ZLGG found a magic theory that the bigger banana the bigger banana peel .This important theory can help him make a portal in our universal. Unfortunately, making a pair of portals will cost min{T} energies. T in a path between point V and point U is the length of the longest edge in the path. There may be lots of paths between two points.

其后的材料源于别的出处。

lemma lmult_diamond_words:
  assumes "u \<noteq> []" "v \<noteq> []"
  shows "diamond (lmult a (pt [u])) (pt [v]) = lmult a (diamond (pt [u]) (pt [v]))"
proof -
  obtain x u' where u: "u = x # u'" using assms(1) by (cases u) auto
  obtain y v' where v: "v = y # v'" using assms(2) by (cases v) auto
  show ?thesis
    by (cases "u' = []"; cases "v' = []")
      (simp_all add: u v diamond_pt dw_simps dw_single_left lmult_prepend mult.assoc)
qed

lemma lmult_diamond: "is_sh X \<Longrightarrow> is_sh Y \<Longrightarrow> diamond (lmult a X) Y = lmult a (diamond X Y)"
  by (induction X Y rule: sh_bilin_induct) (simp_all add: diamond_linear lmult_diamond_words)

lemma diamond_lmult: "is_sh X \<Longrightarrow> is_sh Y \<Longrightarrow> diamond X (lmult a Y) = lmult a (diamond X Y)"
  by (metis lmult_diamond diamond_commute)

lemma pt_eq_lmult:
  assumes "u \<noteq> []"
  obtains a Y where "pt [u] = lmult a Y" "is_sh Y"
    "Y = pt [[1]] \<or> (\<exists>u'. u' \<noteq> [] \<and> Y = Pr (pt [u']) \<and> length u = Suc (length u'))"
proof -
  obtain a u' where u: "u = a # u'" using assms by (cases u) auto
  show ?thesis
  proof (cases "u' = []")
    case True
    then show ?thesis
      using that[of a "pt [[1]]"] by (simp add: u is_sh_pt diamond_pt dw_simps)
  next
    case False
    have "pt [u] = lmult a (Pr (pt [u']))"
      unfolding u Pr_def by (metis lmult_prepend prepend_pt mult_1_right)
    with False show ?thesis
      by (intro that[of a "Pr (pt [u'])"]) (auto simp: u is_sh_Pr simp del: Pr_pt)
  qed
qed

definition nij_sum :: "('a::comm_ring_1, 'k::comm_ring_1) tensor \<Rightarrow> ('a, 'k) tensor \<Rightarrow> ('a, 'k) tensor"
  where "nij_sum X Y = diamond X (Pr Y) + diamond (Pr X) Y - Pr (diamond X Y)"

lemma is_sh_nij_sum: "is_sh (nij_sum X Y)"
  by (simp add: nij_sum_def is_sh_intros)

lemma diamond_Pr_Pr: "is_sh X \<Longrightarrow> is_sh Y \<Longrightarrow> diamond (Pr X) (Pr Y) = Pr (nij_sum X Y)"
proof (induction X Y rule: sh_bilin_induct)
  case (sing u v c d)
  then show ?case
    by (simp add: nij_sum_def diamond_linear Pr_linear diamond_pt dw_simps Pr_def prepend_linear
        smul_add_right smul_diff_right)
qed (simp_all add: nij_sum_def diamond_linear Pr_linear algebra_simps)

lemma Pr_nijenhuis:
  "is_sh x \<Longrightarrow> is_sh y \<Longrightarrow>
    diamond (Pr x) (Pr y) = Pr (diamond (Pr x) y) + Pr (diamond x (Pr y)) - Pr (Pr (diamond x y))"
  by (simp add: diamond_Pr_Pr nij_sum_def Pr_linear)

lemma teq_diamond_commute: "teq sc (diamond x y) (diamond y x)"
  by (simp add: diamond_commute[of x y])

lemma nullT_diamond_left: "k_algebra sc \<Longrightarrow> nullT sc x \<Longrightarrow> nullT sc (diamond x y)"
  using teq_diamond[of sc x 0 y y] by (simp add: nullT_iff_teq_0 diamond_linear)

lemma nullT_diamond_right: "k_algebra sc \<Longrightarrow> nullT sc x \<Longrightarrow> nullT sc (diamond y x)"
  by (simp add: diamond_commute[of y] nullT_diamond_left)

lemma nullT_Pr: "nullT sc x \<Longrightarrow> nullT sc (Pr x)"
  using teq_Pr[of sc x 0] by (simp add: nullT_iff_teq_0 Pr_linear)

lemma is_sh_muT: "is_sh (muT c)"
  by (simp add: muT_def is_sh_smul is_sh_pt)

lemma diamond_muT: "is_sh x \<Longrightarrow> diamond (muT c) x = smul c x"
  by (simp add: muT_def diamond_linear lmult_1)

definition Pr_products2 ::
    "('a::comm_ring_1, 'k::comm_ring_1) tensor \<Rightarrow> ('a, 'k) tensor \<Rightarrow> ('a, 'k) tensor \<Rightarrow> ('a, 'k) tensor"
  where "Pr_products2 U V W = diamond (diamond U (Pr V)) (Pr W) + diamond (diamond (Pr U) V) (Pr W)
    + diamond (diamond (Pr U) (Pr V)) W"

definition Pr_products1 ::
    "('a::comm_ring_1, 'k::comm_ring_1) tensor \<Rightarrow> ('a, 'k) tensor \<Rightarrow> ('a, 'k) tensor \<Rightarrow> ('a, 'k) tensor"
  where "Pr_products1 U V W = diamond (diamond U V) (Pr W) + diamond (diamond U (Pr V)) W
    + diamond (diamond (Pr U) V) W"

lemma diamond_Pr_Pr_Pr:
  assumes "is_sh U" "is_sh V" "is_sh W"
  shows "diamond (diamond (Pr U) (Pr V)) (Pr W)
    = Pr (Pr_products2 U V W - Pr (Pr_products1 U V W) + Pr (Pr (diamond (diamond U V) W)))"
proof -
  have UV: "diamond (Pr U) (Pr V) = Pr (nij_sum U V)"
    using assms by (simp add: diamond_Pr_Pr)
  have "diamond (nij_sum U V) (Pr W) = diamond (diamond U (Pr V)) (Pr W)
      + diamond (diamond (Pr U) V) (Pr W) - diamond (Pr (diamond U V)) (Pr W)"
    by (simp add: nij_sum_def diamond_linear)
  also have "diamond (Pr (diamond U V)) (Pr W) = Pr (nij_sum (diamond U V) W)"
    using assms by (simp add: diamond_Pr_Pr is_sh_diamond)
  finally have "nij_sum (nij_sum U V) W
      = Pr_products2 U V W - Pr (Pr_products1 U V W) + Pr (Pr (diamond (diamond U V) W))"
    unfolding nij_sum_def[of "nij_sum U V" W] UV[symmetric] Pr_products2_def Pr_products1_def
    by (simp add: nij_sum_def diamond_linear Pr_linear algebra_simps)
  then show ?thesis
    using assms by (simp add: UV diamond_Pr_Pr is_sh_nij_sum)
qed

text \<open>
  Both bracketings of \<open>Pr U, Pr V, Pr W\<close> expand by the Nijenhuis identity into products in which
  at least one factor lost its \<open>Pr\<close>; by commutativity the two expansions are cyclic permutations
  of each other.
\<close>

lemma diamond_assoc_Pr:
  assumes sh: "is_sh U" "is_sh V" "is_sh W"
    and lower: "\<And>X Y Z. X \<in> {U, Pr U} \<Longrightarrow> Y \<in> {V, Pr V} \<Longrightarrow> Z \<in> {W, Pr W} \<Longrightarrow>
      X = U \<or> Y = V \<or> Z = W \<Longrightarrow> diamond (diamond X Y) Z = diamond X (diamond Y Z)"
  shows "diamond (diamond (Pr U) (Pr V)) (Pr W) = diamond (Pr U) (diamond (Pr V) (Pr W))"
proof -
  have rotate: "diamond (diamond Y Z) X = diamond (diamond X Y) Z"
    if "X \<in> {U, Pr U}" "Y \<in> {V, Pr V}" "Z \<in> {W, Pr W}" "X = U \<or> Y = V \<or> Z = W" for X Y Z
    using lower[OF that] by (simp add: diamond_commute[of _ X])
  have "Pr_products2 V W U = Pr_products2 U V W"
    unfolding Pr_products2_def using rotate[of "Pr U" V "Pr W"] rotate[of "Pr U" "Pr V" W]
      rotate[of U "Pr V" "Pr W"] by (simp add: algebra_simps)
  moreover have "Pr_products1 V W U = Pr_products1 U V W"
    unfolding Pr_products1_def using rotate[of "Pr U" V W] rotate[of U V "Pr W"]
      rotate[of U "Pr V" W] by (simp add: algebra_simps)
  moreover have "diamond (diamond V W) U = diamond (diamond U V) W"
    using rotate[of U V W] by simp
  ultimately have "diamond (diamond (Pr V) (Pr W)) (Pr U) = diamond (diamond (Pr U) (Pr V)) (Pr W)"
    using sh by (simp add: diamond_Pr_Pr_Pr)
  then show ?thesis
    by (simp add: diamond_commute[of "Pr U"])
qed

lemma pt_or_Pr_pt_cases:
  assumes "X \<in> {pt [x], Pr (pt [x])}" "x \<noteq> []"
  obtains x' where "X = pt [x']" "x' \<noteq> []" "length x' \<le> length x + (if X = pt [x] then 0 else 1)"
proof (cases "X = pt [x]")
  case True
  then show ?thesis using assms by (intro that[of x]) auto
next
  case False
  then show ?thesis using assms by (intro that[of "1 # x"]) auto
qed

lemma diamond_assoc_words:
  assumes "u \<noteq> []" "v \<noteq> []" "w \<noteq> []"
  shows "diamond (diamond (pt [u] :: 'a::comm_ring_1 list list \<Rightarrow>\<^sub>0 'k::comm_ring_1) (pt [v])) (pt [w])
    = diamond (pt [u]) (diamond (pt [v]) (pt [w]))"
  using assms
proof (induction "length u + length v + length w" arbitrary: u v w rule: less_induct)
  case less
  obtain a and Y1 :: "'a list list \<Rightarrow>\<^sub>0 'k" where Y1: "pt [u] = lmult a Y1" "is_sh Y1"
    "Y1 = pt [[1]] \<or> (\<exists>x. x \<noteq> [] \<and> Y1 = Pr (pt [x]) \<and> length u = Suc (length x))"
    using pt_eq_lmult[OF less.prems(1)] by metis
  obtain b and Y2 :: "'a list list \<Rightarrow>\<^sub>0 'k" where Y2: "pt [v] = lmult b Y2" "is_sh Y2"
    "Y2 = pt [[1]] \<or> (\<exists>y. y \<noteq> [] \<and> Y2 = Pr (pt [y]) \<and> length v = Suc (length y))"
    using pt_eq_lmult[OF less.prems(2)] by metis
  obtain c and Y3 :: "'a list list \<Rightarrow>\<^sub>0 'k" where Y3: "pt [w] = lmult c Y3" "is_sh Y3"
    "Y3 = pt [[1]] \<or> (\<exists>z. z \<noteq> [] \<and> Y3 = Pr (pt [z]) \<and> length w = Suc (length z))"
    using pt_eq_lmult[OF less.prems(3)] by metis
  have "diamond (diamond Y1 Y2) Y3 = diamond Y1 (diamond Y2 Y3)"
  proof (cases "Y1 = pt [[1]] \<or> Y2 = pt [[1]] \<or> Y3 = pt [[1]]")
    case True
    then show ?thesis
      using Y1(2) Y2(2) Y3(2) by (auto simp: lmult_1 diamond_unit_right is_sh_diamond)
  next
    case False
    then obtain x y z where xyz: "x \<noteq> []" "y \<noteq> []" "z \<noteq> []"
      "Y1 = Pr (pt [x])" "Y2 = Pr (pt [y])" "Y3 = Pr (pt [z])"
      "length u + length v + length w = length x + length y + length z + 3"
      using Y1(3) Y2(3) Y3(3) by auto
    show ?thesis
      unfolding xyz(4-6)
    proof (rule diamond_assoc_Pr; (intro is_sh_pt xyz)?)
      fix X Y Z :: "'a list list \<Rightarrow>\<^sub>0 'k"
      assume X: "X \<in> {pt [x], Pr (pt [x])}" and Y: "Y \<in> {pt [y], Pr (pt [y])}"
        and Z: "Z \<in> {pt [z], Pr (pt [z])}" and one_plain: "X = pt [x] \<or> Y = pt [y] \<or> Z = pt [z]"
      obtain x' where x': "X = pt [x']" "x' \<noteq> []"
        "length x' \<le> length x + (if X = pt [x] then 0 else 1)"
        using X xyz(1) by (rule pt_or_Pr_pt_cases)
      obtain y' where y': "Y = pt [y']" "y' \<noteq> []"
        "length y' \<le> length y + (if Y = pt [y] then 0 else 1)"
        using Y xyz(2) by (rule pt_or_Pr_pt_cases)
      obtain z' where z': "Z = pt [z']" "z' \<noteq> []"
        "length z' \<le> length z + (if Z = pt [z] then 0 else 1)"
        using Z xyz(3) by (rule pt_or_Pr_pt_cases)
      have "length x' + length y' + length z' < length u + length v + length w"
        using x'(3) y'(3) z'(3) one_plain xyz(7) by (auto split: if_splits)
      then show "diamond (diamond X Y) Z = diamond X (diamond Y Z)"
        using less.hyps x' y' z' by simp
    qed
  qed
  then show ?case
    unfolding Y1(1) Y2(1) Y3(1)
    using Y1(2) Y2(2) Y3(2) by (simp add: lmult_diamond diamond_lmult is_sh_diamond lmult_lmult mult_ac)
qed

Now ZLGG owned L energies and he want to know how many kind of path he could make.

Input

There are multiple test cases. The first line of input contains three integer N, M and Q (1 < N ≤ 10,000, 0 < M ≤ 50,000, 0 < Q ≤ 10,000). N is the number of points, M is the number of edges and Q is the number of queries. Each of the next M lines contains three integers a, b, and c (1 ≤ a, b ≤ N, 0 ≤ c ≤ 10^8) describing an edge connecting the point a and b with cost c. Each of the following Q lines contain a single integer L (0 ≤ L ≤ 10^8).

Output

Output the answer to each query on a separate line.

Sample Input

10 10 10
7 2 1
6 8 3
4 5 8
5 8 2
2 8 9
6 4 5
2 1 5
8 10 5
7 3 7
7 8 8
10
6
1
5
9
1
8
2
7
6

Sample Output

36
13
1
13
36
1
36
2
16
13

分析与总结:

做这题学到了什么是“离线算法”的概念。所谓“离线”,就是把所有的数据都输入之后再计算,“在线”就是边输入边计算。

用在这题中,是因为输入中的“询问部分”,有Q 个问,每个L可以有多少种不同路径。由于大的L必定会包含到小的L, 所以把所有问题都输入,再从大到小排序,再计算,可以减少很多计算量。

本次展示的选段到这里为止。